A High-Performance, Thread-Safe, Sharded Cache Implementation in Rust: An Analysis of LRU Eviction Under Concurrent Loads

Author: Navin Ruas, et al. Date: January 5, 2026 Version: 1.1.0


1. Abstract

This project presents CacheLRU, a concurrent, in-memory caching system designed to mitigate lock contention in multi-threaded environments. By implementing a Sharded Lock Strategy combined with a Least Recently Used (LRU) eviction policy, the system aims to provide $O(1)$ amortized time complexity for insertion and retrieval operations while ensuring thread safety. Performance metrics suggest that horizontal partitioning (sharding) significantly reduces mutex wait times compared to global locking mechanisms, making this implementation suitable for high-throughput enterprise systems.

2. Introduction

2.1 Problem Statement

In concurrent computing, shared state management often becomes a bottleneck. Traditional caching implementations utilizing a single Mutex or RwLock suffer from Lock Contention, where the time threads spend waiting for access permissions exceeds the time spent on actual computation. This phenomenon degrades system scalability, adhering to Amdahl's Law.

2.2 Scope

This implementation focuses on:

  1. Concurrency Control: Utilizing parking_lot primitives for efficient thread synchronization.
  2. Memory Management: Implementing a strict LRU eviction policy to bound memory usage.
  3. Temporal Validity: Providing Time-To-Live (TTL) mechanisms with lazy expiration.
  4. Observability: Atomic metrics collection for runtime analysis.

3. Methodology

3.1 Architectural Design

The system employs a Sharded Architecture. The key space $\mathcal{K}$ is partitioned into $N$ distinct segments (shards), where $N$ is a power of two. The target shard $S_i$ for a given key $k$ is determined by:

$$ i = \text{Hash}(k) \pmod N $$

Each shard operates as an independent cache unit protected by its own Mutex. This reduces the probability of two threads contending for the same lock from $1$ to $\frac{1}{N}$, assuming a uniform hash distribution.

3.2 Data Structures

  • Storage: A HashMap is used for $O(1)$ key lookups.
  • Eviction: A generic EvictionPolicy trait governs the removal of entries. The default implementation uses a VecDeque (acting as a doubly-linked list equivalent) to maintain access order.
  • Entries: Data is encapsulated in a CacheEntry structure containing the value and an optional Instant for expiration.

3.3 Algorithms

  • Access ($Get$): Upon access, the item is moved to the back of the queue (most recently used). If the TTL has elapsed, the item is atomically removed (Lazy Expiration).
  • Insertion ($Put$): New items are pushed to the back. If the shard capacity is exceeded, the item at the front (least recently used) is evicted.

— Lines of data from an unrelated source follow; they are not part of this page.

lemma class_factors_swap:
  assumes cl: "\<forall>v\<in>set vs. cl v < 6"
    and count: "\<And>c. c < 6 \<Longrightarrow> length (filter (\<lambda>v. cl v = c) vs) = H_size na nb c"
  shows "class_right_factor cl vs * class_left_factor cl vs
       = mat 4 4 (\<lambda>(k, l). C6_compression (real na) (real nb) k l)"
proof (rule eq_matI)
  fix k l
  assume "k < dim_row (mat 4 4 (\<lambda>(k, l). C6_compression (real na) (real nb) k l))"
    and "l < dim_col (mat 4 4 (\<lambda>(k, l). C6_compression (real na) (real nb) k l))"
  then have k: "k < 4" and l: "l < 4" by auto
  have "(class_right_factor cl vs * class_left_factor cl vs) $$ (k, l)
      = (\<Sum>j<length vs. C6_right_factor k (cl (vs ! j)) * C6_left_factor l (cl (vs ! j)))"
    using k l by (simp add: class_left_factor_def class_right_factor_def scalar_prod_def atLeast0LessThan)
  also have "\<dots> = (\<Sum>c<6. real (length (filter (\<lambda>v. cl v = c) vs))
                            * (C6_right_factor k c * C6_left_factor l c))"
    by (rule sum_nth_by_class[OF cl])
  also have "\<dots> = (\<Sum>c<6. real (H_size na nb c) * (C6_right_factor k c * C6_left_factor l c))"
    using count by (intro sum.cong) auto
  also have "\<dots> = C6_compression (real na) (real nb) k l"
    by (rule C6_factor_weighted_product[OF k l])
  finally show "(class_right_factor cl vs * class_left_factor cl vs) $$ (k, l)
      = mat 4 4 (\<lambda>(k, l). C6_compression (real na) (real nb) k l) $$ (k, l)"
    using k l by simp
qed (auto simp: class_left_factor_def class_right_factor_def)

lemma char_poly_C6_compression:
  "char_poly (mat 4 4 (\<lambda>(k, l). C6_compression a b k l) - 1\<^sub>m 4)
     = ([:- (a - 1), 1:] * [:- (b - 1), 1:] - [:4 * a * b:]) * [:- (a + b - 1), 1:]\<^sup>2"
proof -
  let ?W = "mat 4 4 (\<lambda>(k, l). C6_compression a b k l) - 1\<^sub>m 4"
  define P where "P = mat 2 2 (\<lambda>(i, j). ?W $$ (i, j))"
  define Q where "Q = mat 2 2 (\<lambda>(i, j). ?W $$ (i + 2, j + 2))"
  have "?W = four_block_mat P (0\<^sub>m 2 2) (0\<^sub>m 2 2) Q"
  proof (rule eq_matI)
    fix i j
    assume "i < dim_row (four_block_mat P (0\<^sub>m 2 2) (0\<^sub>m 2 2) Q)"
      and "j < dim_col (four_block_mat P (0\<^sub>m 2 2) (0\<^sub>m 2 2) Q)"
    then have "i = 0 \<or> i = 1 \<or> i = 2 \<or> i = 3" and "j = 0 \<or> j = 1 \<or> j = 2 \<or> j = 3"
      by (auto simp: P_def Q_def)
    then show "?W $$ (i, j) = four_block_mat P (0\<^sub>m 2 2) (0\<^sub>m 2 2) Q $$ (i, j)"
      by (elim disjE) (simp_all add: P_def Q_def C6_compression_def four_block_mat_def)
  qed (auto simp: P_def Q_def)
  then have "char_poly ?W = char_poly P * char_poly Q"
    by (metis char_poly_four_block_diag mat_carrier P_def Q_def)
  moreover have "char_poly P = [:- (a - 1), 1:] * [:- (b - 1), 1:] - [:4 * a * b:]"
    by (subst char_poly_2x2) (auto simp: P_def C6_compression_def)
  moreover have "char_poly Q = [:- (a + b - 1), 1:]\<^sup>2"
    by (subst char_poly_2x2) (auto simp: Q_def C6_compression_def power2_eq_square)
  ultimately show ?thesis by simp
qed

lemma lambda3_C6_closed_multiplication:
  fixes vs :: "'v list" and cl :: "'v \<Rightarrow> nat" and E :: "'v \<Rightarrow> 'v \<Rightarrow> bool"
  assumes dist: "distinct vs" and cl: "\<forall>v\<in>set vs. cl v < 6"
    and count: "\<And>c. c < 6 \<Longrightarrow> length (filter (\<lambda>v. cl v = c) vs) = H_size na nb c"
    and E: "\<And>u w. E u w \<longleftrightarrow> u \<noteq> w \<and> C6_closed_adj (cl u) (cl w)"
    and nonempty: "na + nb \<ge> 1"
  shows "graph_lambda 3 vs E = real (na + nb) - 1"
proof -
  define a b where "a = real na" and "b = real nb"
  define \<delta> where "\<delta> = sqrt ((a - 1 - (b - 1))\<^sup>2 + 4 * (4 * a * b))"
  let ?L = "class_left_factor cl vs" and ?R = "class_right_factor cl vs"
  have "a \<ge> 0" "b \<ge> 0" "a + b \<ge> 1" using nonempty by (auto simp: a_def b_def)
  then have disc: "(a - 1 - (b - 1))\<^sup>2 + 4 * (4 * a * b) \<ge> (a + b)\<^sup>2"
    by (simp add: power2_eq_square algebra_simps)
  then have \<delta>: "\<delta> \<ge> a + b" unfolding \<delta>_def by (rule real_le_rsqrt)
  have "(1::real) \<cdot>\<^sub>m 1\<^sub>m k = 1\<^sub>m k" for k by (rule eq_matI) auto
  then have "[:1, 1:] ^ 4 * char_poly (adj_matrix vs E) = [:1, 1:] ^ length vs * char_poly (?R * ?L - 1\<^sub>m 4)"
    using char_poly_mult_shift[of ?L "length vs" 4 ?R 1]
    by (simp add: adj_matrix_eq_class_factors[OF dist cl E] class_left_factor_def class_right_factor_def)
  also have "?R * ?L = mat 4 4 (\<lambda>(k, l). C6_compression a b k l)"
    unfolding a_def b_def by (rule class_factors_swap[OF cl count])
  also have "char_poly (\<dots> - 1\<^sub>m 4) = [:- ((a - 1 + (b - 1) + \<delta>) / 2), 1:]
      * [:- ((a - 1 + (b - 1) - \<delta>) / 2), 1:] * [:- (a + b - 1), 1:]\<^sup>2"
    unfolding char_poly_C6_compression \<delta>_def
    by (subst quadratic_poly_factor) (use disc in \<open>auto intro: order_trans[OF zero_le_power2]\<close>)
  finally have "rev (sorted_list_of_multiset (proots (char_poly (adj_matrix vs E)))) ! 2 = a + b - 1"
    by (rule third_largest_root[where z="-1", unfolded minus_minus])
      (use \<delta> \<open>a + b \<ge> 1\<close> in auto)
  then show ?thesis
    by (simp add: graph_lambda_def eigenvalues_desc_def a_def b_def)
qed

lemma distinct_concat_map_Pair:
  assumes "distinct xs" and "\<And>i. distinct (f i)"
  shows "distinct (concat (map (\<lambda>i. map (Pair i) (f i)) xs))"
  using assms by (induction xs) (auto simp: distinct_map inj_on_def)

lemma upt_6: "[0..<6] = [0, 1, 2, 3, 4, 5 :: nat]"
  by (simp add: upt_rec)

lemma distinct_H_verts: "distinct (H_verts a b)"
  unfolding H_verts_def by (rule distinct_concat_map_Pair) auto

lemma set_H_verts: "set (H_verts a b) = {(i, j). i < 6 \<and> j < H_size a b i}"
  by (auto simp: H_verts_def)

lemma length_filter_H_verts:
  assumes "c < 6"
  shows "length (filter (\<lambda>v. fst v = c) (H_verts a b)) = H_size a b c"
proof -
  have "c = 0 \<or> c = 1 \<or> c = 2 \<or> c = 3 \<or> c = 4 \<or> c = 5" using assms by auto
  then show ?thesis
    by (elim disjE) (simp_all add: H_verts_def upt_6 filter_map o_def)
qed

lemma length_H_verts: "length (H_verts a b) = 3 * (a + b)"
  by (simp add: H_verts_def upt_6 H_size_def)

lemma H_adj_iff: "H_adj u w \<longleftrightarrow> u \<noteq> w \<and> C6_closed_adj (fst u) (fst w)"
  by (simp add: H_adj_def C6_closed_adj_def)

lemma distinct_blowup_verts: "distinct vs \<Longrightarrow> distinct (blowup_verts vs t)"
  unfolding blowup_verts_def by (rule distinct_concat_map_Pair) auto

lemma set_blowup_verts: "set (blowup_verts vs t) = set vs \<times> {..<t}"
  by (auto simp: blowup_verts_def)

lemma length_filter_blowup_verts:
  "length (filter (\<lambda>x. P (fst x)) (blowup_verts vs t)) = t * length (filter P vs)"
  by (induction vs) (auto simp: blowup_verts_def filter_map o_def)

lemma blowup_adj_iff:
  assumes "\<And>u w. E u w \<longleftrightarrow> u \<noteq> w \<and> R (cl u) (cl w)" and "\<And>c. R c c"
  shows "blowup_adj E x y \<longleftrightarrow> x \<noteq> y \<and> R (cl (fst x)) (cl (fst y))"
  using assms by (auto simp: blowup_adj_def)

lemma LIMSEQ_affine_div_linear:
  fixes c d k :: real
  assumes "c \<noteq> 0" and "k \<noteq> 0"
  shows "(\<lambda>t. (c * real t - d) / (k * c * real t)) \<longlonglongrightarrow> 1 / k"
proof -
  have "(\<lambda>t. 1 / k - d / (k * c) * inverse (real t)) \<longlonglongrightarrow> 1 / k - d / (k * c) * 0"
    by (intro tendsto_intros lim_inverse_n)
  moreover have "\<forall>\<^sub>F t in sequentially.
      1 / k - d / (k * c) * inverse (real t) = (c * real t - d) / (k * c * real t)"
    using assms by (intro eventually_sequentiallyI[of 1]) (simp add: field_simps)
  ultimately show ?thesis by (simp add: Lim_transform_eventually)
qed

lemma lambda3_H:
  assumes "a + b \<ge> 1"
  shows "graph_lambda 3 (H_verts a b) H_adj = real (a + b) - 1"
  by (rule lambda3_C6_closed_multiplication)
    (use assms in \<open>auto simp: distinct_H_verts set_H_verts length_filter_H_verts H_adj_iff\<close>)

lemma blowup_H_adj_iff:
  "blowup_adj H_adj x y \<longleftrightarrow> x \<noteq> y \<and> C6_closed_adj (fst (fst x)) (fst (fst y))"
  by (rule blowup_adj_iff) (auto simp: H_adj_iff)

lemma lambda3_blowup_H:
  assumes "a + b \<ge> 1" and "t \<ge> 1"
  shows "graph_lambda 3 (blowup_verts (H_verts a b) t) (blowup_adj H_adj) = real (a + b) * real t - 1"
proof -
  have nonempty: "t * a + t * b \<ge> 1"
    using mult_le_mono[OF assms(2,1)] by (simp add: algebra_simps)
  have "graph_lambda 3 (blowup_verts (H_verts a b) t) (blowup_adj H_adj) = real (t * a + t * b) - 1"
    by (rule lambda3_C6_closed_multiplication[where cl="\<lambda>x. fst (fst x)"])
      (use nonempty in \<open>auto simp: distinct_blowup_verts distinct_H_verts set_blowup_verts
        set_H_verts length_filter_blowup_verts[where P="\<lambda>v. fst v = _"] length_filter_H_verts
        H_size_def blowup_H_adj_iff\<close>)
  then show ?thesis by (simp add: algebra_simps)
qed

theorem theorem2p2:
  fixes a b :: nat
  assumes "a + b \<ge> 1"
  shows "graph_lambda 3 (H_verts a b) H_adj = real (a + b) - 1
       \<and> graph_lambda 3 (H_verts a b) H_adj = real (length (H_verts a b)) / 3 - 1
       \<and> (\<lambda>t. graph_lambda 3 (blowup_verts (H_verts a b) t) (blowup_adj H_adj)
              / (3 * real (a + b) * real t)) \<longlonglongrightarrow> 1 / 3"
proof -
  have "\<forall>\<^sub>F t in sequentially. (real (a + b) * real t - 1) / (3 * real (a + b) * real t)
      = graph_lambda 3 (blowup_verts (H_verts a b) t) (blowup_adj H_adj) / (3 * real (a + b) * real t)"
    using assms by (intro eventually_sequentiallyI[of 1]) (simp add: lambda3_blowup_H)
  with LIMSEQ_affine_div_linear[of "real (a + b)" 3 1] assms
  have "(\<lambda>t. graph_lambda 3 (blowup_verts (H_verts a b) t) (blowup_adj H_adj)
      / (3 * real (a + b) * real t)) \<longlonglongrightarrow> 1 / 3"
    by (auto intro: Lim_transform_eventually)
  then show ?thesis using lambda3_H[OF assms] by (simp add: length_H_verts)
qed

end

4. Results and Performance

4.1 Theoretical Complexity

Operation Time Complexity (Amortized) Space Complexity
Insert $O(1)$ $O(N)$
Lookup $O(1)$ $O(N)$
Evict $O(1)$ $O(1)$

4.2 Empirical Benchmarks

Preliminary benchmarks using criterion indicate that increasing the shard count ($N$) linearly improves write throughput under high contention until CPU saturation is reached.

5. Discussion

5.1 Interpretation

The decoupling of shards allows for "pseudo-lock-free" behavior for disjoint keys. However, the system relies heavily on the quality of the hash function (currently DefaultHasher). Poor hashing distribution could lead to "hot shards," negating the benefits of partitioning.

5.2 Limitations

  • Lazy Expiration: Expired items consume memory until they are accessed or the cache fills up.
  • Scan Operations: Operations requiring iteration over the entire cache (e.g., clear, global metrics) require acquiring locks on all shards, which is expensive.

6. Conclusion

The CacheLRU system demonstrates that sharded locking significantly outperforms global locking for concurrent cache workloads. The integration of the Strategy Pattern for eviction policies allows for future extensibility without architectural refactoring.

7. References

  1. Herlihy, M., & Shavit, N. (2012). The Art of Multiprocessor Programming. Morgan Kaufmann.
  2. Rust Language Team. (2021). The Rust Programming Language.
  3. Amanieu d'Antras. (2016). parking_lot: Compact and efficient synchronization primitives.

8. Development & Contribution

8.1 Setup

# Clone the repository
git clone https://github.com/navinBRuas/CacheLRU.git

# Run test suite
cargo test

# Execute benchmarks
cargo bench

8.2 Standards

Please refer to GOVERNANCE.md and CONTRIBUTING.md for strict adherence to coding standards, including:

  • Type Safety: No unsafe blocks unless mathematically proven necessary.
  • Documentation: All public APIs must have docstrings describing arguments, returns, and complexity.

9. License

This project is licensed under the MIT License. See LICENSE for details.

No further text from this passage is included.